Example validation (pseudo-code):

const token = request.headers.authorization.replace('Bearer ', '');
const publicKey = await fetchPublicKey();
const payload = await verifyJWT(token, publicKey);

if (payload.aud === 'mcp:example.com:github-tools') {
  // Grant access to user payload.sub (GitHub user ID)
}

Option 2: Using the Validation Endpoint

For debugging or simple validation, use the /validate endpoint:

# With Authorization header
curl -X POST https://auth.mcp.r167.dev/validate \
  -H "Authorization: Bearer YOUR_ACCESS_TOKEN"

# With request body
curl -X POST https://auth.mcp.r167.dev/validate \
  -H "Content-Type: application/json" \
  -d '{"token": "YOUR_ACCESS_TOKEN"}'

Response:

{
  "valid": true,
  "payload": {
    "token_type": "access",
    "sub": "12345678",
    "aud": "mcp:example.com:github-tools",
    "iss": "https://auth.mcp.r167.dev",
    "exp": 1698765432,
    "iat": 1698761832,
    "email": "user@example.com"
  }
}

Note: The system uses D1 database for state storage, not KV storage.

Security Features

• PKCE: All authorization flows require PKCE for security
• Encrypted Refresh Tokens: AES-GCM encryption with key rotation
• Scope Binding: Tokens bound to specific MCP scopes
• Domain Validation: MCP scope domain must match redirect URI
• User Authorization: ACL-based access control per MCP server
• Token Rotation: Refresh tokens are rotated on use
• Secure Headers: Proper CORS and security headers

Configuration

D1 Database

The server automatically creates required tables on first startup:

• authorization_codes - Temporary authorization codes (10 min TTL)
• refresh_tokens - Refresh token metadata (30 day TTL)
• user_sessions - User authentication sessions (30 min TTL)
• client_approvals - Stored consent decisions (30 day TTL)
• revoked_tokens - Revoked refresh tokens (expires with token)
• registered_clients - Dynamic client registrations (60 day inactivity expiration)

Key Rotation

Refresh token encryption supports key rotation:

# Generate new encryption key
NEW_KEY=$(openssl rand -base64 32)
wrangler secret put REFRESH_ENCRYPTION_KEY --text "$NEW_KEY"

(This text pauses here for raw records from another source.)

lemma alcove_same_side:
  assumes "A \<in> alcoves \<Phi>" "x \<in> A" "y \<in> A" shows "same_side x y"
proof -
  have xU: "x \<in> regular_points" using assms alcove_subset_regular by auto
  have "y \<in> connected_component_set regular_points x"
    using alcove_eq_component[OF assms(1,2)] assms(3) by simp
  then show ?thesis using connected_component_regular_points[OF xU] by simp
qed

lemma alcove_one_side:
  assumes "A \<in> alcoves \<Phi>" "\<alpha> \<in> \<Phi>"
  shows "(\<forall>x\<in>A. x \<bullet> coroot \<alpha> < of_int k) \<or> (\<forall>x\<in>A. x \<bullet> coroot \<alpha> > of_int k)"
proof -
  obtain p where p: "p \<in> A" using alcove_nonempty assms by auto
  have pU: "p \<in> regular_points" using p alcove_subset_regular assms by auto
  show ?thesis
  proof (cases "p \<bullet> coroot \<alpha> < of_int k")
    case True
    then show ?thesis using alcove_same_side[OF assms(1) p] assms(2) by (auto simp: same_side_def)
  next
    case False
    have "\<forall>x\<in>A. x \<bullet> coroot \<alpha> > of_int k"
    proof
      fix x assume x: "x \<in> A"
      then have "\<not> x \<bullet> coroot \<alpha> < of_int k"
        using alcove_same_side[OF assms(1) p x] assms(2) False by (auto simp: same_side_def)
      moreover have "x \<in> regular_points" using x alcove_subset_regular[OF assms(1)] by blast
      then have "x \<bullet> coroot \<alpha> \<noteq> of_int k"
        using assms(2) by (auto simp: regular_points_iff)
      ultimately show "x \<bullet> coroot \<alpha> > of_int k" by simp
    qed
    then show ?thesis by simp
  qed
qed

lemma alcoves_separated:
  assumes A: "A \<in> alcoves \<Phi>" and B: "B \<in> alcoves \<Phi>" and ne: "A \<noteq> B"
  shows "\<exists>\<beta>\<in>\<Phi>. \<exists>m::int. (\<forall>x\<in>A. x \<bullet> coroot \<beta> < of_int m) \<and> (\<forall>x\<in>B. x \<bullet> coroot \<beta> > of_int m)"
proof -
  obtain p where p: "p \<in> A" using alcove_nonempty A by auto
  obtain q where q: "q \<in> B" using alcove_nonempty B by auto
  have pU: "p \<in> regular_points" and qU: "q \<in> regular_points"
    using p q alcove_subset_regular A B by auto
  have "\<not> same_side p q"
  proof
    assume "same_side p q"
    then have "q \<in> connected_component_set regular_points p"
      using connected_component_regular_points[OF pU] qU by simp
    then have "q \<in> A" using alcove_eq_component[OF A p] by simp
    then show False using alcove_eq[OF A B _ q] ne by simp
  qed
  then obtain \<beta> k where bk: "\<beta> \<in> \<Phi>" "\<not> (q \<bullet> coroot \<beta> < of_int k \<longleftrightarrow> p \<bullet> coroot \<beta> < of_int k)"
    unfolding same_side_def by blast
  show ?thesis
  proof (cases "p \<bullet> coroot \<beta> < of_int k")
    case True
    then have "\<not> q \<bullet> coroot \<beta> < of_int k" using bk by simp
    moreover have "q \<bullet> coroot \<beta> \<noteq> of_int k"
      using qU bk(1) by (auto simp: regular_points_iff)
    ultimately have "q \<bullet> coroot \<beta> > of_int k" by linarith
    then have "\<forall>x\<in>B. x \<bullet> coroot \<beta> > of_int k"
      using alcove_one_side[OF B bk(1), of k] q by auto
    moreover have "\<forall>x\<in>A. x \<bullet> coroot \<beta> < of_int k"
      using alcove_one_side[OF A bk(1), of k] p True by auto
    ultimately show ?thesis using bk by blast
  next
    case False
    then have "q \<bullet> coroot \<beta> < of_int k" using bk by simp
    then have "\<forall>x\<in>B. x \<bullet> coroot \<beta> < of_int k"
      using alcove_one_side[OF B bk(1), of k] q by auto
    moreover have "p \<bullet> coroot \<beta> \<noteq> of_int k"
      using pU bk(1) by (auto simp: regular_points_iff)
    then have "p \<bullet> coroot \<beta> > of_int k" using False by linarith
    then have "\<forall>x\<in>A. x \<bullet> coroot \<beta> > of_int k"
      using alcove_one_side[OF A bk(1), of k] p by auto
    ultimately have "(\<forall>x\<in>A. x \<bullet> coroot (- \<beta>) < of_int (- k))
        \<and> (\<forall>x\<in>B. x \<bullet> coroot (- \<beta>) > of_int (- k))"
      by auto
    then show ?thesis using neg_root[OF bk(1)] by blast
  qed
qed
(* Let $L\ge1$ and $\Gamma^0\in\{0,1\}^L$ (coordinates indexed by $\mathbb{Z}/L\mathbb{Z}$, viewed as a cycle). Color the positions so that each maximal cyclic interval (run) of equal values in $\Gamma^0$ receives its own distinct color, and run the following colored copying process $\tilde\Gamma^i$: given $\tilde\Gamma^i$, choose a permutation $\sigma$ of $\{0,\dots,L-1\}$ uniformly at random (independently of the past), set $\Delta_0=\tilde\Gamma^i$, and for $1\le j\le L$ let $\Delta_j$ be obtained from $\Delta_{j-1}$ by giving position $\sigma(j-1)$ the current color of position $(\sigma(j-1)+1)\bmod L$ (all other positions unchanged); set $\tilde\Gamma^{i+1}=\Delta_L$. Fix one interval (color) and let $X_i$ be its length, i.e. the number of positions having that color in $\tilde\Gamma^i$. Let $T$ be the first time at which $X_i$ equals $0$ or $L$. Then for every integer $a\ge1$, $\Pr[T\ge 4aL^2]\le 2^{-a}$. *)

theory Defs
  imports "HOL-Probability.Probability" "HOL-Combinatorics.Permutations"
begin

text \<open>Positions are 0..L-1, viewed cyclically. A colouring is a function nat => nat
  (only the values at positions below L matter).\<close>

text \<open>p and q (both below L) lie in the same maximal cyclic run of equal values of G:
  the forward cyclic interval from p to q, or the one from q to p, is constant.\<close>
definition same_run :: "nat \<Rightarrow> (nat \<Rightarrow> bool) \<Rightarrow> nat \<Rightarrow> nat \<Rightarrow> bool" where
  "same_run L G p q \<longleftrightarrow>
     (\<exists>k<L. (p + k) mod L = q \<and> (\<forall>j\<le>k. G ((p + j) mod L) = G p)) \<or>
     (\<exists>k<L. (q + k) mod L = p \<and> (\<forall>j\<le>k. G ((q + j) mod L) = G q))"

definition run_colouring :: "nat \<Rightarrow> (nat \<Rightarrow> bool) \<Rightarrow> (nat \<Rightarrow> nat) \<Rightarrow> bool" where
  "run_colouring L G c \<longleftrightarrow> (\<forall>p<L. \<forall>q<L. c p = c q \<longleftrightarrow> same_run L G p q)"

definition copy_sweep :: "nat \<Rightarrow> (nat \<Rightarrow> nat) \<Rightarrow> (nat \<Rightarrow> nat) \<Rightarrow> (nat \<Rightarrow> nat)" where
  "copy_sweep L \<sigma> c = foldl (\<lambda>d j. d(\<sigma> j := d ((\<sigma> j + 1) mod L))) c [0..<L]"

definition copy_step :: "nat \<Rightarrow> (nat \<Rightarrow> nat) \<Rightarrow> (nat \<Rightarrow> nat) pmf" where
  "copy_step L c = map_pmf (\<lambda>\<sigma>. copy_sweep L \<sigma> c) (pmf_of_set {\<sigma>. \<sigma> permutes {..<L}})"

Old tokens remain valid during transition period.

Monitoring

• Health check endpoint: GET /health
• Cloudflare Workers analytics and logs
• Error logging for debugging

Advanced Deployment

For detailed deployment procedures, advanced configuration, and troubleshooting, see DEPLOYMENT.md.

Contributing

1. Fork the repository
2. Create a feature branch
3. Run tests: pnpm test
4. Submit a pull request

License

MIT License - see LICENSE file for details.